Statistical analysis in forensic science : evidential value of multivariate physicochemical data / Grzegorz Zadora, Agnieszka Martyna, Daniel Ramos, Colin Aitken.         p. cm.   Includes bibliographical references and index.   ISBN 978-0-470-97210-6 (cloth)1. Chemistry, Forensic.    2. Forensic statistics.    3. Chemometrics.    I. Zadora, Grzegorz.    II. Martyna, Agnieszka.    III. Ramos, Daniel.    IV. Aitken, Colin.   RA1057.S73 2014   614′.12–dc232013031698

A catalogue record for this book is available from the British Library.

ISBN: 978-0-470-97210-6

To our families

Preface

An increase in the danger from new forms of crime and the need by those who administer justice for higher standards of scientific work require the development of new methods for measuring the evidential value of physicochemical data obtained during the analysis of various kinds of trace evidence.

The physicochemical analysis of various types of evidence by the application of various analytical methods (Chapter 1) returns numerous types of information including multivariate quantitative data (Chapter 3, Appendix B), for example, concentrations of elements or the refractive index of a glass fragment. The role of the forensic expert is to evaluate such physicochemical data (evidence, E) in the context of two competing propositions H1 and H2 (Chapter 2, Appendix A). The propositions H1 and H2 may be put forward by the police, prosecutors, defenders or the courts and they concern:

Bayesian models have been proposed for the evaluation of the evidence in such contexts. Statistical analysis is used to evaluate the evidence. The value of the evidence is determined by the likelihood ratio (LR). This is the ratio of the probability of the evidence if H1 is true, P(E | H1), to the probability of the evidence if H2 is true, P(E | H2). For evidence in the form of continuous data these probabilities are replaced with probability density functions, f(E | H1) and f(E | H2).

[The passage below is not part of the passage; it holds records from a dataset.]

(* Let $\Omega\subset\mathbb{R}^2$ be a smooth bounded domain, let $(u_p)_{p>1}$ be a family of sign-changing solutions of $-\Delta u=|u|^{p-1}u$ in $\Omega$, $u=0$ on $\partial\Omega$, with $p\int_\Omega|\nabla u_p|^2dx\to\beta\in\mathbb{R}$, and let $k\in\mathbb{N}\setminus\{0\}$ and families $(x_{i,p})$, $i=1,\dots,k$, be such that (along a sequence $p\to+\infty$) $p|u_p(x_{i,p})|^{p-1}\to+\infty$ and $(\mathcal P_1^k)$, $(\mathcal P_2^k)$, $(\mathcal P_3^k)$ hold, with no family $(x_{k+1,p})$ extending them as described below. Then $$\frac{\operatorname{dist}(x_{i,p},NL_p)}{\mu_{i,p}}\to+\infty\quad\text{as }p\to+\infty,\ \text{for all }i\in\{1,\dots,k\}.$$ As a consequence, for each $i$, letting $\mathcal N_{i,p}\subset\Omega$ be the nodal domain of $u_p$ containing $x_{i,p}$, $u_p^i:=u_p\chi_{\mathcal N_{i,p}}$, and $$z_{i,p}(x):=\frac{p}{u_p(x_{i,p})}\left(u_p^i(x_{i,p}+\mu_{i,p}x)-u_p(x_{i,p})\right),\quad x\in\widetilde{\mathcal N}_{i,p}:=\frac{\mathcal N_{i,p}-x_{i,p}}{\mu_{i,p}},$$ one has $z_{i,p}\to U$ in $C^1_{loc}(\mathbb{R}^2)$.
   Context: $NL_p:=\{x\in\Omega:u_p(x)=0\}$ is the nodal line; $\chi_A$ is the characteristic function of $A$. $\mu_{i,p}:=(p|u_p(x_{i,p})|^{p-1})^{-1/2}$, $R_{n,p}(x):=\min_{i\le n}|x-x_{i,p}|$, $U(x)=\log\left(\frac{1}{1+\frac18|x|^2}\right)^2$. $(\mathcal P_1^n)$: $|x_{i,p}-x_{j,p}|/\mu_{i,p}\to+\infty$ for $i\ne j$. $(\mathcal P_2^n)$: $v_{i,p}(x):=\frac{p}{u_p(x_{i,p})}(u_p(x_{i,p}+\mu_{i,p}x)-u_p(x_{i,p}))\to U$ in $C^1_{loc}(\mathbb{R}^2)$ for each $i$. $(\mathcal P_3^n)$: $\exists C>0$ with $pR_{n,p}(x)^2|u_p(x)|^{p-1}\le C$ for $p$ large, all $x\in\Omega$. Maximality: for no family $(x_{k+1,p})$ can one extract a further sequence along which $(\mathcal P_1^{k+1}),(\mathcal P_2^{k+1}),(\mathcal P_3^{k+1})$ hold for $(x_{i,p})_{i=1,\dots,k+1}$ (such $k$ and families exist by the preceding proposition of the paper). *)

theory Defs
  imports "HOL-Analysis.Analysis"
begin

type_synonym pt = "real^2"

definition smooth_fun :: "(real \<Rightarrow> real) \<Rightarrow> bool" where
  "smooth_fun g \<longleftrightarrow> (\<exists>f :: nat \<Rightarrow> real \<Rightarrow> real. f 0 = g \<and>
      (\<forall>k x. (f k has_real_derivative f (Suc k) x) (at x)))"

definition smooth_bounded_domain :: "pt set \<Rightarrow> bool" where
  "smooth_bounded_domain \<Omega> \<longleftrightarrow> open \<Omega> \<and> bounded \<Omega> \<and> connected \<Omega> \<and> \<Omega> \<noteq> {} \<and>
     (\<forall>a\<in>frontier \<Omega>. \<exists>r>0. \<exists>(Q :: pt \<Rightarrow> pt) g. orthogonal_transformation Q \<and> smooth_fun g \<and>
        \<Omega> \<inter> ball a r = {y \<in> ball a r. (Q (y - a)) $ 2 < g ((Q (y - a)) $ 1)})"

definition partial :: "2 \<Rightarrow> (pt \<Rightarrow> real) \<Rightarrow> pt \<Rightarrow> real" where
  "partial i f = (\<lambda>x. frechet_derivative f (at x) (axis i 1))"

definition grad :: "(pt \<Rightarrow> real) \<Rightarrow> pt \<Rightarrow> pt" where
  "grad f x = (\<chi> i. partial i f x)"

definition laplacian :: "(pt \<Rightarrow> real) \<Rightarrow> pt \<Rightarrow> real" where
  "laplacian f x = (\<Sum>i\<in>UNIV. partial i (partial i f) x)"

definition lane_emden_solution :: "pt set \<Rightarrow> real \<Rightarrow> (pt \<Rightarrow> real) \<Rightarrow> bool" where
  "lane_emden_solution \<Omega> p u \<longleftrightarrow>
     (\<forall>x\<in>\<Omega>. u differentiable (at x) \<and> (\<forall>i. partial i u differentiable (at x))) \<and>
     (\<forall>i j. continuous_on \<Omega> (partial i (partial j u))) \<and>
     continuous_on (closure \<Omega>) u \<and> (\<forall>x\<in>frontier \<Omega>. u x = 0) \<and>
     (\<forall>x\<in>\<Omega>. - laplacian u x = \<bar>u x\<bar> powr (p - 1) * u x) \<and>
     (\<lambda>x. (norm (grad u x))\<^sup>2) integrable_on \<Omega>"
(* Let $A\in\mathscr{B}(\Omega)$ satisfy $\underline{P}(A)=0$ and $\overline{P}(A)=1$. Then for any $B\in\mathscr{B}(\Omega)$ with $\underline{P}(B)>0$, $$\underline{P}_{\mathfrak{G}}(A\mid B)=0,\quad\overline{P}_{\mathfrak{G}}(A\mid B)=1,\quad \underline{P}_{\mathfrak{B}}(A\mid B)=0,\quad\overline{P}_{\mathfrak{B}}(A\mid B)=1.$$
   Context: $\Omega$ is a separable, completely metrizable space with Borel $\sigma$-algebra $\mathscr{B}(\Omega)$; $\underline{P}$ is a Choquet capacity of order 2 on $\mathscr{B}(\Omega)$ (a coherent lower probability with weakly compact set of dominating measures satisfying $\underline{P}(A\cup B)\ge\underline{P}(A)+\underline{P}(B)-\underline{P}(A\cap B)$); $\Pi=\{P:P\ge\underline{P}\}$, $\underline{P}(A)=\inf_{P\in\Pi}P(A)$, $\overline{P}(A)=\sup_{P\in\Pi}P(A)=1-\underline{P}(A^c)$. Generalized Bayes rule: $\underline{P}_{\mathfrak{B}}(A\mid B)=\inf_{P\in\Pi}P(A\cap B)/P(B)$, $\overline{P}_{\mathfrak{B}}(A\mid B)=\sup_{P\in\Pi}P(A\cap B)/P(B)$. Geometric rule: $\underline{P}_{\mathfrak{G}}(A\mid B)=\inf_{P\in\Pi}P(A\cap B)/\inf_{P\in\Pi}P(B)$, $\overline{P}_{\mathfrak{G}}(A\mid B)=1-\underline{P}_{\mathfrak{G}}(A^c\mid B)$. *)

theory Defs
  imports "HOL-Probability.Probability"
begin

text \<open>Omega is modelled by a type of class polish_space (separable, complete metric),
  with Borel sigma-algebra sets borel.\<close>

definition prob_borel :: "'a::topological_space measure \<Rightarrow> bool" where
  "prob_borel P \<longleftrightarrow> prob_space P \<and> sets P = sets (borel :: 'a measure)"

definition credal :: "('a::topological_space set \<Rightarrow> real) \<Rightarrow> 'a measure set" where
  "credal lp = {P. prob_borel P \<and> (\<forall>A\<in>sets borel. lp A \<le> measure P A)}"

definition weak_conv :: "(nat \<Rightarrow> 'a::topological_space measure) \<Rightarrow> 'a measure \<Rightarrow> bool" where
  "weak_conv Ps P \<longleftrightarrow> (\<forall>f :: 'a \<Rightarrow> real. continuous_on UNIV f \<and> bounded (range f) \<longrightarrow>
      (\<lambda>n. integral\<^sup>L (Ps n) f) \<longlonglongrightarrow> integral\<^sup>L P f)"

text \<open>Weak compactness (sequential; the weak topology on probability measures on a Polish space
  is metrizable, so this agrees with compactness).\<close>
definition weakly_seq_compact :: "'a::topological_space measure set \<Rightarrow> bool" where
  "weakly_seq_compact S \<longleftrightarrow> (\<forall>Ps. (\<forall>n. Ps n \<in> S) \<longrightarrow>
      (\<exists>(r::nat \<Rightarrow> nat) P. strict_mono r \<and> P \<in> S \<and> weak_conv (Ps \<circ> r) P))"

definition choquet2 :: "('a::topological_space set \<Rightarrow> real) \<Rightarrow> bool" where
  "choquet2 lp \<longleftrightarrow>
     credal lp \<noteq> {} \<and>
     (\<forall>A\<in>sets borel. lp A = (INF P\<in>credal lp. measure P A)) \<and>
     weakly_seq_compact (credal lp) \<and>
     (\<forall>A\<in>sets borel. \<forall>B\<in>sets borel. lp (A \<union> B) \<ge> lp A + lp B - lp (A \<inter> B))"

definition upper_prob :: "('a::topological_space set \<Rightarrow> real) \<Rightarrow> 'a set \<Rightarrow> real" where
  "upper_prob lp A = (SUP P\<in>credal lp. measure P A)"

definition lower_bayes :: "('a::topological_space set \<Rightarrow> real) \<Rightarrow> 'a set \<Rightarrow> 'a set \<Rightarrow> real" where
  "lower_bayes lp A B = (INF P\<in>credal lp. measure P (A \<inter> B) / measure P B)"

definition upper_bayes :: "('a::topological_space set \<Rightarrow> real) \<Rightarrow> 'a set \<Rightarrow> 'a set \<Rightarrow> real" where
  "upper_bayes lp A B = (SUP P\<in>credal lp. measure P (A \<inter> B) / measure P B)"

definition lower_geom :: "('a::topological_space set \<Rightarrow> real) \<Rightarrow> 'a set \<Rightarrow> 'a set \<Rightarrow> real" where
  "lower_geom lp A B = (INF P\<in>credal lp. measure P (A \<inter> B)) / (INF P\<in>credal lp. measure P B)"

definition upper_geom :: "('a::topological_space set \<Rightarrow> real) \<Rightarrow> 'a set \<Rightarrow> 'a set \<Rightarrow> real" where
  "upper_geom lp A B = 1 - lower_geom lp (- A) B"

end

theory Submission
  imports Defs
begin

text \<open>Since \<open>lp\<close> is the lower envelope of its credal set, \<open>lp A = 0\<close> and
  \<open>upper_prob lp A = 1\<close> provide credal measures giving \<open>A\<close>, respectively its complement,
  arbitrarily small mass. Every credal measure gives \<open>B\<close> mass at least \<open>lp B > 0\<close>, hence
  \<open>P(A \<inter> B) / P(B) \<le> P(A) / lp B\<close>, and these masses stay small after conditioning on \<open>B\<close>.\<close>

lemma cINF_eq_if_approx:
  fixes f :: "'b \<Rightarrow> real"
  assumes "S \<noteq> {}" "\<And>x. x \<in> S \<Longrightarrow> a \<le> f x" "\<And>e. e > 0 \<Longrightarrow> \<exists>x\<in>S. f x < a + e"
  shows "(INF x\<in>S. f x) = a"
proof (rule antisym)
  show "a \<le> (INF x\<in>S. f x)"
    using assms(1,2) by (rule cINF_greatest)
  show "(INF x\<in>S. f x) \<le> a"
  proof (rule field_le_epsilon)
    fix e :: real assume "e > 0"
    then obtain x where "x \<in> S" "f x < a + e" using assms(3) by blast
    moreover have "bdd_below (f ` S)" using assms(2) by (intro bdd_belowI2)
    ultimately show "(INF x\<in>S. f x) \<le> a + e" by (meson cINF_lower less_imp_le order_trans)
  qed
qed

lemma cSUP_eq_if_approx:
  fixes f :: "'b \<Rightarrow> real"
  assumes "S \<noteq> {}" "\<And>x. x \<in> S \<Longrightarrow> f x \<le> a" "\<And>e. e > 0 \<Longrightarrow> \<exists>x\<in>S. a - e < f x"
  shows "(SUP x\<in>S. f x) = a"
proof -
  have "(INF x\<in>S. - f x) = - a"
    using assms by (intro cINF_eq_if_approx) (auto, metis minus_diff_eq neg_less_iff_less)
  then show ?thesis by (simp add: Inf_real_def image_image)
qed

lemma credal_prob_space: "P \<in> credal lp \<Longrightarrow> prob_space P"
  by (simp add: credal_def prob_borel_def)

lemma sets_credal: "P \<in> credal lp \<Longrightarrow> sets P = sets borel"
  by (simp add: credal_def prob_borel_def)

lemma credal_lower_le_measure: "P \<in> credal lp \<Longrightarrow> X \<in> sets borel \<Longrightarrow> lp X \<le> measure P X"
  by (simp add: credal_def)

lemma credal_measure_le_1: "P \<in> credal lp \<Longrightarrow> measure P X \<le> 1"
  by (simp add: credal_prob_space prob_space.prob_le_1)

lemma credal_measure_mono:
  "P \<in> credal lp \<Longrightarrow> X \<subseteq> Y \<Longrightarrow> Y \<in> sets borel \<Longrightarrow> measure P X \<le> measure P Y"
  by (metis credal_prob_space finite_measure.finite_measure_mono prob_space_def sets_credal)

lemma credal_measure_compl:
  assumes "P \<in> credal lp" "X \<in> sets borel"
  shows "measure P (- X) = 1 - measure P X"
proof -
  have "space P = UNIV" using sets_eq_imp_space_eq[OF sets_credal[OF assms(1)]] by simp
  then show ?thesis
    using prob_space.prob_compl[OF credal_prob_space[OF assms(1)], of X] assms(2)
      sets_credal[OF assms(1)]
    by (simp add: Compl_eq_Diff_UNIV)
qed

lemma credal_measure_Int_compl:
  assumes "P \<in> credal lp" "X \<in> sets borel" "B \<in> sets borel"
  shows "measure P (- X \<inter> B) = measure P B - measure P (X \<inter> B)"
proof -
  have "- X \<inter> B = B - X \<inter> B" by blast
  then show ?thesis
    using assms sets_credal[OF assms(1)] credal_prob_space[OF assms(1)]
    by (simp add: finite_measure.finite_measure_Diff prob_space_def)
qed

lemma credal_cond_le:
  assumes "P \<in> credal lp" "X \<in> sets borel" "B \<in> sets borel" "lp B > 0"
  shows "measure P (X \<inter> B) / measure P B \<le> measure P X / lp B"
  using assms credal_lower_le_measure[OF assms(1,3)] credal_measure_mono[OF assms(1) _ assms(2)]
  by (intro frac_le) auto

lemma choquet2_credal_nonempty: "choquet2 lp \<Longrightarrow> credal lp \<noteq> {}"
  by (simp add: choquet2_def)

lemma choquet2_exists_credal_less:
  assumes "choquet2 lp" "X \<in> sets borel" "lp X = 0" "e > 0"
  shows "\<exists>P\<in>credal lp. measure P X < e"
proof -
  have "(INF P\<in>credal lp. measure P X) < e"
    using assms unfolding choquet2_def by simp
  moreover have "bdd_below ((\<lambda>P. measure P X) ` credal lp)"
    by (intro bdd_belowI2[where m = 0]) simp
  ultimately show ?thesis
    by (simp add: cINF_less_iff choquet2_credal_nonempty[OF assms(1)])
qed

lemma choquet2_lower_compl_eq_0:
  assumes "choquet2 lp" "A \<in> sets borel" "upper_prob lp A = 1"
  shows "lp (- A) = 0"
proof -
  have "lp (- A) = (INF P\<in>credal lp. measure P (- A))"
    using assms(1,2) unfolding choquet2_def by simp
  also have "\<dots> = 0"
  proof (rule cINF_eq_if_approx)
    fix e :: real assume "e > 0"
    have "bdd_above ((\<lambda>P. measure P A) ` credal lp)"
      by (intro bdd_aboveI2) (rule credal_measure_le_1)
    moreover have "1 - e < (SUP P\<in>credal lp. measure P A)"
      using assms(3) \<open>e > 0\<close> by (simp add: upper_prob_def)
    ultimately obtain P where P: "P \<in> credal lp" "1 - e < measure P A"
      using less_cSUP_iff[OF choquet2_credal_nonempty[OF assms(1)]] by blast
    then have "measure P (- A) < 0 + e"
      using credal_measure_compl[OF P(1) assms(2)] by simp
    then show "\<exists>P\<in>credal lp. measure P (- A) < 0 + e"
      using P(1) by blast
  qed (simp_all add: choquet2_credal_nonempty[OF assms(1)])
  finally show ?thesis .
qed

lemma lower_geom_eq_0:
  assumes "choquet2 lp" "X \<in> sets borel" "lp X = 0" "B \<in> sets borel"
  shows "lower_geom lp X B = 0"
proof -
  have "(INF P\<in>credal lp. measure P (X \<inter> B)) = 0"
  proof (rule cINF_eq_if_approx)
    fix e :: real assume "e > 0"
    then obtain P where P: "P \<in> credal lp" "measure P X < e"
      using choquet2_exists_credal_less[OF assms(1-3)] by blast
    have "measure P (X \<inter> B) \<le> measure P X"
      by (rule credal_measure_mono[OF P(1) Int_lower1 assms(2)])
    with P show "\<exists>P\<in>credal lp. measure P (X \<inter> B) < 0 + e"
      by (intro bexI[of _ P]) simp_all
  qed (simp_all add: choquet2_credal_nonempty[OF assms(1)])
  then show ?thesis by (simp add: lower_geom_def)
qed

lemma lower_bayes_eq_0:
  assumes "choquet2 lp" "X \<in> sets borel" "lp X = 0" "B \<in> sets borel" "lp B > 0"
  shows "lower_bayes lp X B = 0"
  unfolding lower_bayes_def
proof (rule cINF_eq_if_approx)
  fix e :: real assume "e > 0"
  then have "e * lp B > 0"
    using assms(5) by simp
  then obtain P where P: "P \<in> credal lp" "measure P X < e * lp B"
    using choquet2_exists_credal_less[OF assms(1-3)] by blast
  have "measure P (X \<inter> B) / measure P B \<le> measure P X / lp B"
    using credal_cond_le[OF P(1) assms(2,4,5)] .
  also have "\<dots> < e"
    using P(2) assms(5) by (simp add: divide_less_eq)
  finally show "\<exists>P\<in>credal lp. measure P (X \<inter> B) / measure P B < 0 + e"
    using P(1) by (intro bexI[of _ P]) simp_all
qed (simp_all add: choquet2_credal_nonempty[OF assms(1)])

lemma upper_bayes_eq_1:
  assumes "choquet2 lp" "A \<in> sets borel" "lp (- A) = 0" "B \<in> sets borel" "lp B > 0"
  shows "upper_bayes lp A B = 1"
  unfolding upper_bayes_def
proof (rule cSUP_eq_if_approx)
  fix P assume "P \<in> credal lp"
  then have "measure P (A \<inter> B) \<le> measure P B"
    by (rule credal_measure_mono[OF _ Int_lower2 assms(4)])
  then show "measure P (A \<inter> B) / measure P B \<le> 1"
    unfolding divide_le_eq_1 using measure_nonneg[of P B] by linarith
next
  fix e :: real assume "e > 0"
  then have "e * lp B > 0"
    using assms(5) by simp
  then obtain P where P: "P \<in> credal lp" "measure P (- A) < e * lp B"
    using choquet2_exists_credal_less[OF assms(1) borel_comp[OF assms(2)] assms(3)] by blast
  have "measure P B > 0"
    using credal_lower_le_measure[OF P(1) assms(4)] assms(5) by simp
  then have "1 - measure P (A \<inter> B) / measure P B = measure P (- A \<inter> B) / measure P B"
    using credal_measure_Int_compl[OF P(1) assms(2,4)] by (simp add: field_simps)
  also have "\<dots> \<le> measure P (- A) / lp B"
    using credal_cond_le[OF P(1) _ assms(4,5)] assms(2) by simp
  also have "\<dots> < e"
    using P(2) assms(5) by (simp add: divide_less_eq)
  finally show "\<exists>P\<in>credal lp. 1 - e < measure P (A \<inter> B) / measure P B"
    using P(1) by (intro bexI[of _ P]) simp_all
qed (simp_all add: choquet2_credal_nonempty[OF assms(1)])

theorem theorem5p8:
  fixes lp :: "'a::polish_space set \<Rightarrow> real" and A B :: "'a set"
  assumes "choquet2 lp"
    and "A \<in> sets borel" and "lp A = 0" and "upper_prob lp A = 1"
    and "B \<in> sets borel" and "lp B > 0"
  shows "lower_geom lp A B = 0 \<and> upper_geom lp A B = 1 \<and>
         lower_bayes lp A B = 0 \<and> upper_bayes lp A B = 1"
proof -
  have compl_null: "lp (- A) = 0"
    using choquet2_lower_compl_eq_0 assms(1,2,4) .
  have "lower_geom lp (- A) B = 0"
    using lower_geom_eq_0[OF assms(1) borel_comp[OF assms(2)] compl_null assms(5)] .
  then show ?thesis
    unfolding upper_geom_def
    using lower_geom_eq_0[OF assms(1-3,5)] lower_bayes_eq_0[OF assms(1-3,5,6)]
      upper_bayes_eq_1[OF assms(1,2) compl_null assms(5,6)]
    by simp
qed

end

The LR approach (Chapter 2, Appendix A) has become increasingly popular for evidence evaluation in forensic sciences. For physicochemical data, the approach enables an objective evaluation of the physicochemical information about the analysed object(s) obtained from an analytical run, and about the rarity of the determined physicochemical features for recovered and/or control samples within a relevant population (Chapters 2, 4 and 5). The most common application of the LR approach in forensic science is in DNA profiling. The LR approach has also been applied to other evidence categories including earprints, fingerprints, firearms and toolmarks, hair, documents, envelopes and handwriting, and speaker recognition. In recent years, much has also been published on LR approaches for multivariate data. Some of these ideas (including examples from practice in forensic science) are discussed in this book.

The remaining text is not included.